I’m having trouble replicating the performance of SVector{3, Float64}
with my own custom Vec
type. Here’s the code:
using LinearAlgebra
using StaticArrays
using BenchmarkTools
struct Vec
x::Float64
y::Float64
z::Float64
end
Vec(u) = Vec(u[1], u[2], u[3])
function Base.iterate(v::Vec, state=1)
if state == 1
v.x, 2
elseif state == 2
v.y, 3
elseif state == 3
v.z, 4
else
nothing
end
end
Base.length(v::Vec) = 3
Base.eltype(::Type{Vec}) = Float64
Base.IteratorSize(::Type{Vec}) = Base.HasLength()
Base.IteratorEltype(::Type{Vec}) = Base.HasEltype()
vs = [SVector{3}(rand(3)) for _ in 1:10000]
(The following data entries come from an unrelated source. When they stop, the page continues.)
lemma jordan_pow_rank_eq_if_almost_intertwined:
  assumes zero_n_as: "\<forall>(s, a)\<in>set n_as. 0 < s \<longrightarrow> a = 0" and zero_m_as: "\<forall>(s, a)\<in>set m_as. 0 < s \<longrightarrow> a = 0"
    and A: "A = jordan_matrix n_as" "A \<in> carrier_mat n n"
    and B: "B = jordan_matrix m_as" "B \<in> carrier_mat n n"
    and C: "C \<in> carrier_mat n n" and Ci: "Ci \<in> carrier_mat n n"
    and inv: "C * Ci = 1\<^sub>m n" "Ci * C = 1\<^sub>m n"
    and Ci_le: "\<And>x. x \<in> carrier_vec n \<Longrightarrow> vec_norm (Ci *\<^sub>v x) \<le> \<xi> * vec_norm x"
    and defect: "\<And>x. x \<in> carrier_vec n \<Longrightarrow> vec_norm ((A * C - C * B) *\<^sub>v x) \<le> \<epsilon> * vec_norm x"
    and "0 \<le> \<xi>" and "0 \<le> \<epsilon>" and small: "real k * \<epsilon> * \<xi> < 1"
  shows "jordan_pow_rank n_as k = jordan_pow_rank m_as k"
proof -
  have dims: "sum_list (map fst n_as) = n" "sum_list (map fst m_as) = n"
    using A B by auto
  obtain I f where I: "partial_perm_mat (A ^\<^sub>m k) n I f" "card I = jordan_pow_rank n_as k"
    using partial_perm_mat_jordan_matrix_pow[OF zero_n_as] A dims by metis
  obtain J g where J: "partial_perm_mat (B ^\<^sub>m k) n J g" "card J = jordan_pow_rank m_as k"
    using partial_perm_mat_jordan_matrix_pow[OF zero_m_as] B dims by metis
  have defect_pow: "vec_norm ((A ^\<^sub>m k * C - C * B ^\<^sub>m k) *\<^sub>v x) \<le> real k * \<epsilon> * vec_norm x"
    if "x \<in> carrier_vec n" for x
    using vec_norm_intertwining_defect_pow_le[OF A(2) B(2) C _ _ defect \<open>0 \<le> \<epsilon>\<close> that]
      vec_norm_nilpotent_jordan_matrix_le zero_n_as zero_m_as A B dims by metis
  have "card J \<le> card I"
    by (rule partial_perm_mat_card_ge_if_almost_intertwined[OF I(1) J(1) C Ci inv(2) Ci_le defect_pow])
      (use \<open>0 \<le> \<xi>\<close> small in auto)
  moreover have "card I \<le> card J"
    by (rule partial_perm_mat_card_le_if_almost_intertwined[OF I(1) J(1) C Ci inv(1) Ci_le defect_pow])
      (use \<open>0 \<le> \<epsilon>\<close> small in auto)
  ultimately show ?thesis
    using I(2) J(2) by simp
qed

lemma mult_lt_1_of_lt_inverse_fact_pow:
  fixes \<xi> \<epsilon> :: real
  assumes "1 \<le> \<xi>" and "0 \<le> \<epsilon>" and "k < n" and "\<epsilon> < 1 / (real n * fact n * \<xi> ^ n)"
  shows "real k * \<epsilon> * \<xi> < 1"
proof -
  have "0 < n"
    using assms(3) by simp
  have "\<xi> \<le> \<xi> ^ n"
    using assms(1) \<open>0 < n\<close> power_increasing[of 1 n \<xi>] by simp
  also have "\<dots> \<le> fact n * \<xi> ^ n"
    using assms(1) by simp
  finally have "real k * \<xi> \<le> real n * (fact n * \<xi> ^ n)"
    using assms(1,3) by (intro mult_mono) auto
  then have "real k * \<epsilon> * \<xi> \<le> \<epsilon> * (real n * fact n * \<xi> ^ n)"
    using assms(2) mult_left_mono by (fastforce simp: mult_ac)
  also have "\<dots> < 1"
    using assms(1,4) \<open>0 < n\<close> by (simp add: less_divide_eq mult_ac)
  finally show ?thesis .
qed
ps = [Vec(svec) for svec in vs]
x = SVector(2.0, 3.0, 4.0)
y = Vec(2, 3, 4)
function foo(vs, x)
dot.(vs, Ref(x))
end
@btime foo($vs, $x);
@btime foo($ps, $y);
And here are the benchmark results:
julia> @btime foo($vs, $x);
2.674 μs (2 allocations: 78.17 KiB)
julia> @btime foo($ps, $y);
16.559 μs (2 allocations: 78.17 KiB)
Am I doing something wrong? Is there anything easy I can do to improve the performance of my Vec
type? One of the guiding principles of the Julia language is that users should be able to get the same performance with custom types that they would get from Base types. However, that doesn’t seem to be the case with StaticArrays (well, I know that StaticArrays is not in Base, but it’s the same idea). They seem to have some extra magic to squeeze out the maximum performance from SVector
. Or maybe it’s just that the compiler is better at optimizing NTuple
s?